Application security is vitally important for every software project, especially so for security projects. This is why the validation process for QRadar app submissions go through a secure engineering review. As a member of the secure development team, this blog post will hopefully give you (the app developer) some insight regarding what to expect during our app validation process. Keep in mind most QRadar apps are based in Python using the flask framework, so the basis for most of the examples will be based on Python and Flask. If you have chosen to use a different technology stack, the concepts outlined in this guide will still be useful, but you’ll have to modify the examples to fit your needs.

Keep in mind there is no one size fits all solution for security, nor is there any tool that can detect all issues. One of the best tools for secure engineering is simply knowing that these problems exist and that you should be worried about them.

 

How to prevent app submissions from being rejected

Each application undergoes an individual security review as part of the submission process. The tips and discussion in this article are intended to guide users to the types of items we review and take questions about frequently to reduce the chance of an app submissions from being rejected based off of common issues.

As mentioned, all submitted apps for QRadar on the X-Force App Exchange go through a security review. Our job is to review apps for issues and notify developers when an app fails the secure app validation process.  This blog post include examples of common issues seen with app submissions that are insecure. Fortunately, many of these issue have some simple fixes and these examples will assist you with writing secure apps and outlines the items reviewed during app validation.

1. SQL Injection (SQLi) in your QRadar App

SQL injection is the number one issue we see when validating security in apps. Ff you don’t know why this statement is bad, then you should go read this OWASP article, or watch this video by Computerphile (YouTube). This attack gives the power to a malicious actor to do almost anything to your database.

# Do NOT do it this way.
cmd = "update people set name='%s' where id='%s'" % (name, id) curs.execute(cmd)
#OR
cmd = "update people set name="+name+" where id="+id curs.execute(cmd)

In general, you should always use parametrized SQL statements (sometimes called prepared statements). Building your query in risky ways, such as string formatting or concatenation above will leave you open to SQL injection attacks when the variables contain untrusted input. Even if you know a given variable comes from somewhere you consider to be safe, keep in mind that in the future that same variable may become user editable, or if you have written reusable code, someone may call your function with unsafe data.

For that reason, it is best practice to always use parametrized SQL statements.

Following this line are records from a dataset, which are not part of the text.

lemma jacobi_form_diag_data:
  fixes chi :: "nat \<Rightarrow> nat \<Rightarrow> complex \<Rightarrow> complex"
  assumes J: "jacobi_form k m phi"
    and P: "\<And>t z1 z2. t \<in> upper_half \<Longrightarrow>
           ((\<lambda>(\<alpha>, \<beta>). chi \<alpha> \<beta> t * z1 ^ \<alpha> * z2 ^ \<beta>) has_sum phi t z1 z2) UNIV"
  obtains \<beta> where "admissible \<beta>"
    and "\<And>s \<nu>. Im s > 0 \<Longrightarrow> chi \<nu> \<nu> s = qseries (\<lambda>N. \<beta> N \<nu>) s"
    and "\<And>s a b. Im s > 0 \<Longrightarrow> diag_part chi s a b = jseries \<beta> s (a * b)"
proof -
  obtain cf :: "nat \<Rightarrow> complex \<Rightarrow> complex" where cf: "\<forall>t z1 z2. t \<in> upper_half \<longrightarrow>
        ((\<lambda>(n, r). cf n r * ee (of_nat n * t + r * z1 + cnj r * z2)) has_sum phi t z1 z2)
          {(n, r). r \<in> dual_lattice \<and> (cmod r)\<^sup>2 \<le> real (n * m)}"
    using J unfolding jacobi_form_def by blast
  have F: "fourier_expansion m cf phi"
    unfolding fourier_expansion_def fourier_index_set_eq[symmetric] using cf unfolding upper_half_def by simp
  define \<beta> where "\<beta> = diag_coeffs m cf"
  have g: "admissible \<beta>" unfolding \<beta>_def by (rule admissible_diag_coeffs[OF F])
  have chi_qseries: "chi \<nu> \<nu> s = qseries (\<lambda>N. \<beta> N \<nu>) s" if s: "Im s > 0" for s \<nu>
  proof -
    have sU: "s \<in> upper_half" using s unfolding upper_half_def by simp
    have "chi \<nu> \<nu> s = taylor_fourier_coeff m cf s \<nu> \<nu>" by (rule taylor_coeff_eq[where chi=chi, OF F s P[OF sU]])
    also have "\<dots> = qseries (\<lambda>N. \<beta> N \<nu>) s" unfolding \<beta>_def by (rule diag_taylor_qseries[OF F s])
    finally show ?thesis .
  qed
  have "diag_part chi s a b = jseries \<beta> s (a * b)" if s: "Im s > 0" for s a b
    by (rule diag_part_jseries[where chi=chi, OF g s chi_qseries[OF s]])
  with g chi_qseries show ?thesis by (rule that)
qed

theorem mainTheorem6:
  fixes k m :: nat
    and phi :: "complex \<Rightarrow> complex \<Rightarrow> complex \<Rightarrow> complex"
    and chi :: "nat \<Rightarrow> nat \<Rightarrow> complex \<Rightarrow> complex"
    and \<xi> :: "nat \<Rightarrow> complex \<Rightarrow> complex"
  assumes "k > 0" and "m > 0"
    and "jacobi_form k m phi"
    and "\<And>t z1 z2. t \<in> upper_half \<Longrightarrow>
           ((\<lambda>(\<alpha>, \<beta>). chi \<alpha> \<beta> t * z1 ^ \<alpha> * z2 ^ \<beta>) has_sum phi t z1 z2) UNIV"
    and "\<And>\<nu>. \<xi> \<nu> = Dop k m \<nu> chi"
  shows "\<forall>\<nu>. \<forall>t\<in>upper_half.
    chi \<nu> \<nu> t =
      1 / (fact \<nu> * 4 ^ \<nu>) *
      (\<Sum>\<mu>\<le>\<nu>. (-1) ^ (\<nu> - \<mu>) * (8 * pi * \<i> * of_nat m) ^ \<mu> * of_nat (\<nu> choose \<mu>) *
         (of_nat (k + 2 * \<nu> - 2 * \<mu> - 1) * fact (k + \<nu> - \<mu> - 2) / fact (k + 2 * \<nu> - \<mu> - 1)) *
         (deriv ^^ \<mu>) (\<xi> (\<nu> - \<mu>)) t)"
proof -
  obtain \<beta> where g: "admissible \<beta>"
    and chi: "\<And>s \<nu>. Im s > 0 \<Longrightarrow> chi \<nu> \<nu> s = qseries (\<lambda>N. \<beta> N \<nu>) s"
    and diag: "\<And>s a b. Im s > 0 \<Longrightarrow> diag_part chi s a b = jseries \<beta> s (a * b)"
    using jacobi_form_diag_data[OF assms(3,4)] by blast
  have weight_1: "chi \<nu> \<nu> s = 0" if "k = 1" "Im s > 0" for s \<nu>
    using diag_taylor_vanish_weight_1[of m phi chi s \<nu>] assms(3,4) that by simp
  have "\<forall>\<nu>. \<forall>t\<in>upper_half.
      chi \<nu> \<nu> t = (\<Sum>\<mu>\<le>\<nu>. inv_coeff k \<nu> \<mu> * (8 * pi * \<i> * of_nat m)^\<mu> * (deriv ^^ \<mu>) (\<xi> (\<nu> - \<mu>)) t)"
    unfolding assms(5) upper_half_def
    using diag_inversion[OF assms(1) g _ chi diag weight_1] by blast
  then show ?thesis by (simp only: inv_coeff_sum_expand)
qed
lemma tree_path_unique:
  assumes "is_path V E ys" "is_path V E xs" "hd xs = hd ys" "last xs = last ys"
  shows "xs = ys"
  using assms
proof (induction ys arbitrary: xs rule: rev_induct)
  case (snoc y ys0)
  have xs: "xs \<noteq> []" "last xs = y" using snoc.prems unfolding is_path_def by auto
  show ?case
  proof (cases "ys0 = []")
    case True
    then show ?thesis using snoc.prems distinct_hd_eq_last[of xs] unfolding is_path_def by simp
  next
    case False
    define y' where "y' = last ys0"
    have p0: "is_path V E ys0" and y: "y \<notin> set ys0" and e: "E y' y"
      using snoc.prems(1) False is_path_snoc[of ys0 V E y] unfolding y'_def by auto
    have hd: "hd xs = hd ys0" using snoc.prems False by simp
    show ?thesis
    proof (cases "y' \<in> set xs")
      case True
      then obtain zs where zs: "xs = zs @ [y', y]"
        using path_ends_with_nbr[OF snoc.prems(2)] e xs by auto
      have "is_path V E (zs @ [y'])" using snoc.prems(2) zs is_path_prefix[of V E "zs @ [y']" "[y]"] by simp
      moreover have "hd (zs @ [y']) = hd ys0" using hd zs by (cases zs) auto
      ultimately have "zs @ [y'] = ys0" using snoc.IH[OF p0] unfolding y'_def by simp
      then show ?thesis using zs by simp
    next
      case False
      have "is_path V E (xs @ [y'])"
        using snoc.prems(2) xs False E_sym[OF e] E_in_V[OF e] is_path_snoc[of xs V E y'] by auto
      moreover have "hd (xs @ [y']) = hd ys0" using hd xs by simp
      ultimately have "xs @ [y'] = ys0" using snoc.IH[OF p0] unfolding y'_def by simp
      then show ?thesis using y xs last_in_set by fastforce
    qed
  qed
qed (simp add: is_path_def)

definition root_path :: "'a \<Rightarrow> 'a list" where
  "root_path x = (THE xs. is_path V E xs \<and> hd xs = v \<and> last xs = x)"

lemma root_path: "x \<in> V \<Longrightarrow> is_path V E (root_path x) \<and> hd (root_path x) = v \<and> last (root_path x) = x"
proof -
  assume x: "x \<in> V"
  obtain xs where xs: "is_path V E xs" "hd xs = v" "last xs = x" using connected[OF root x] by blast
  show ?thesis unfolding root_path_def
    by (rule theI[of _ xs]) (use xs tree_path_unique in auto)
qed

lemma root_path_eqI: "is_path V E xs \<Longrightarrow> hd xs = v \<Longrightarrow> last xs = x \<Longrightarrow> root_path x = xs"
  using root_path[of x] tree_path_unique[of xs "root_path x"] unfolding is_path_def
  by (metis last_in_set subsetD)

definition ancestors :: "'a \<Rightarrow> 'a set" where "ancestors x = set (root_path x)"
definition depth :: "'a \<Rightarrow> nat" where "depth x = length (root_path x) - 1"
definition parent :: "'a \<Rightarrow> 'a" where "parent x = last (butlast (root_path x))"

lemma root_path_nonempty: "x \<in> V \<Longrightarrow> root_path x \<noteq> []"
  using root_path unfolding is_path_def by auto

lemma root_path_root: "root_path v = [v]"
  by (rule root_path_eqI) (auto simp: root)

lemma ancestors_subset_V: "x \<in> V \<Longrightarrow> ancestors x \<subseteq> V"
  using root_path unfolding ancestors_def is_path_def by auto

lemma self_in_ancestors: "x \<in> V \<Longrightarrow> x \<in> ancestors x"
  using root_path root_path_nonempty unfolding ancestors_def by (metis last_in_set)

lemma root_in_ancestors: "x \<in> V \<Longrightarrow> v \<in> ancestors x"
  using root_path root_path_nonempty unfolding ancestors_def by (metis hd_in_set)

lemma ancestors_root: "ancestors v = {v}"
  by (simp add: ancestors_def root_path_root)

lemma root_path_prefix:
  assumes x: "x \<in> V" and y: "y \<in> ancestors x"
  shows "\<exists>r. root_path x = root_path y @ r"
proof -
  obtain xs1 xs2 where xs: "root_path x = xs1 @ y # xs2"
    using y unfolding ancestors_def by (meson split_list)
  have p: "is_path V E (root_path x)" "hd (root_path x) = v" using root_path[OF x] by auto
  have "is_path V E (xs1 @ [y])" using p xs is_path_prefix[of V E "xs1 @ [y]" xs2] by simp
  moreover have "hd (xs1 @ [y]) = v" using p xs by (cases xs1) auto
  ultimately have "root_path y = xs1 @ [y]" by (rule root_path_eqI) simp
  then show ?thesis using xs by simp
qed

lemma root_path_parent:
  assumes x: "x \<in> V" and xv: "x \<noteq> v"
  shows "root_path x = root_path (parent x) @ [x] \<and> parent x \<in> V \<and> E (parent x) x"
proof -
  define ys where "ys = butlast (root_path x)"
  have p: "is_path V E (root_path x)" "hd (root_path x) = v" "last (root_path x) = x"
    using root_path[OF x] by auto
  have dec: "root_path x = ys @ [x]"
    using p root_path_nonempty[OF x] unfolding ys_def by (metis append_butlast_last_id)
  have ys: "ys \<noteq> []" using dec p xv by auto
  have pys: "is_path V E ys" and e: "E (last ys) x"
    using p(1) dec ys is_path_snoc[of ys V E x] by auto
  have "hd ys = v" using p(2) dec ys by simp
  then have "root_path (parent x) = ys" unfolding parent_def ys_def[symmetric]
    using root_path_eqI[OF pys] by blast
  moreover have "parent x \<in> V" using pys ys unfolding parent_def ys_def[symmetric] is_path_def by auto
  ultimately show ?thesis using dec e unfolding parent_def ys_def[symmetric] by simp
qed

lemma ancestors_parent: "x \<in> V \<Longrightarrow> x \<noteq> v \<Longrightarrow> ancestors x = insert x (ancestors (parent x))"
  using root_path_parent unfolding ancestors_def by (metis Un_insert_right empty_set list.set(2) set_append sup_commute insert_is_Un)

lemma depth_parent: "x \<in> V \<Longrightarrow> x \<noteq> v \<Longrightarrow> depth x = Suc (depth (parent x))"
  using root_path_parent root_path_nonempty unfolding depth_def
  by (metis Suc_pred' length_append_singleton length_greater_0_conv diff_Suc_1)

lemma root_path_nth_depth: "x \<in> V \<Longrightarrow> y \<in> ancestors x \<Longrightarrow> root_path x ! depth y = y"
proof -
  assume x: "x \<in> V" and y: "y \<in> ancestors x"
  obtain r where r: "root_path x = root_path y @ r" using root_path_prefix[OF x y] by blast
  have yV: "y \<in> V" using ancestors_subset_V[OF x] y by auto
  have ne: "root_path y \<noteq> []" using root_path_nonempty[OF yV] .
  have "root_path y ! depth y = y" using root_path[OF yV] ne unfolding depth_def by (simp add: last_conv_nth)
  moreover have "depth y < length (root_path y)" using ne unfolding depth_def by simp
  ultimately show ?thesis using r by (simp add: nth_append)
qed

lemma ancestors_trans: "x \<in> V \<Longrightarrow> y \<in> ancestors x \<Longrightarrow> ancestors y \<subseteq> ancestors x"
  using root_path_prefix unfolding ancestors_def by fastforce

lemma depth_ancestor_le: "x \<in> V \<Longrightarrow> y \<in> ancestors x \<Longrightarrow> depth y \<le> depth x"
  using root_path_prefix unfolding depth_def by fastforce

lemma ancestor_depth_eq: "x \<in> V \<Longrightarrow> y \<in> ancestors x \<Longrightarrow> depth y = depth x \<Longrightarrow> y = x"
  using root_path_nth_depth self_in_ancestors by metis

lemma edge_parent_cases:
  assumes e: "E x y"
  shows "(y \<noteq> v \<and> parent y = x) \<or> (x \<noteq> v \<and> parent x = y)"
proof -
  have x: "x \<in> V" and y: "y \<in> V" using E_in_V[OF e] by auto
  have p: "is_path V E (root_path x)" "hd (root_path x) = v" "last (root_path x) = x"
    using root_path[OF x] by auto
  show ?thesis
  proof (cases "y \<in> ancestors x")
    case False
    have "is_path V E (root_path x @ [y])"
      using p root_path_nonempty[OF x] False e y is_path_snoc[of "root_path x" V E y]
      unfolding ancestors_def by auto
    then have "root_path y = root_path x @ [y]"
      by (rule root_path_eqI) (use p root_path_nonempty[OF x] in auto)
    moreover have "y \<noteq> v" using False root_in_ancestors[OF x] by auto
    ultimately show ?thesis using p(3) unfolding parent_def by simp
  next
    case True
    then obtain ys where "root_path x = ys @ [y, last (root_path x)]"
      using path_ends_with_nbr[OF p(1), of y] E_sym[OF e] p(3) unfolding ancestors_def by auto
    then have ys: "root_path x = ys @ [y, x]" using p(3) by simp
    then have "x \<noteq> v" using root_path_root by (cases ys) auto
    then show ?thesis using ys unfolding parent_def by (simp add: butlast_append)
  qed
qed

The added benefit for app validation is when I see safe parametrized SQL, it is an easy pass. When unsafe query construction is used I must spend time backing through the source code to determine if it is exploitable or not.

There is a form post with more examples and implementation details:https://developer.ibm.com/answers/questions/417797/how-to-prevent-sql-injection-in-an-app/

SQL Injection recap:

  • Use parametrized (prepared) SQL statements for user data input
  • For dynamic query building (instructions) use a whitelist approach to set
  • Treat all data as untrusted, even if it is trusted now it might not always be, and it makes validation quicker.

2. Cross Site Scripting (XSS) in a QRadar App

Speaking of untrusted data, another very common issue is cross site scripting. Kind of like SQLi, this is caused when the data and instructions get mixed together. OWASP and Computerphile (YouTube) do a great job at explaining these injection attacks. In short, XSS attacks allow a malicious user to inject their own JavaScript into your page and complete nefarious actions.

While the fix for XSS is still quite easy, it’s not quite as cut and dry as SQLi prevention. I’ll highlight some key points, but reading more into OWASP’s XSS Prevention guide is well worth it.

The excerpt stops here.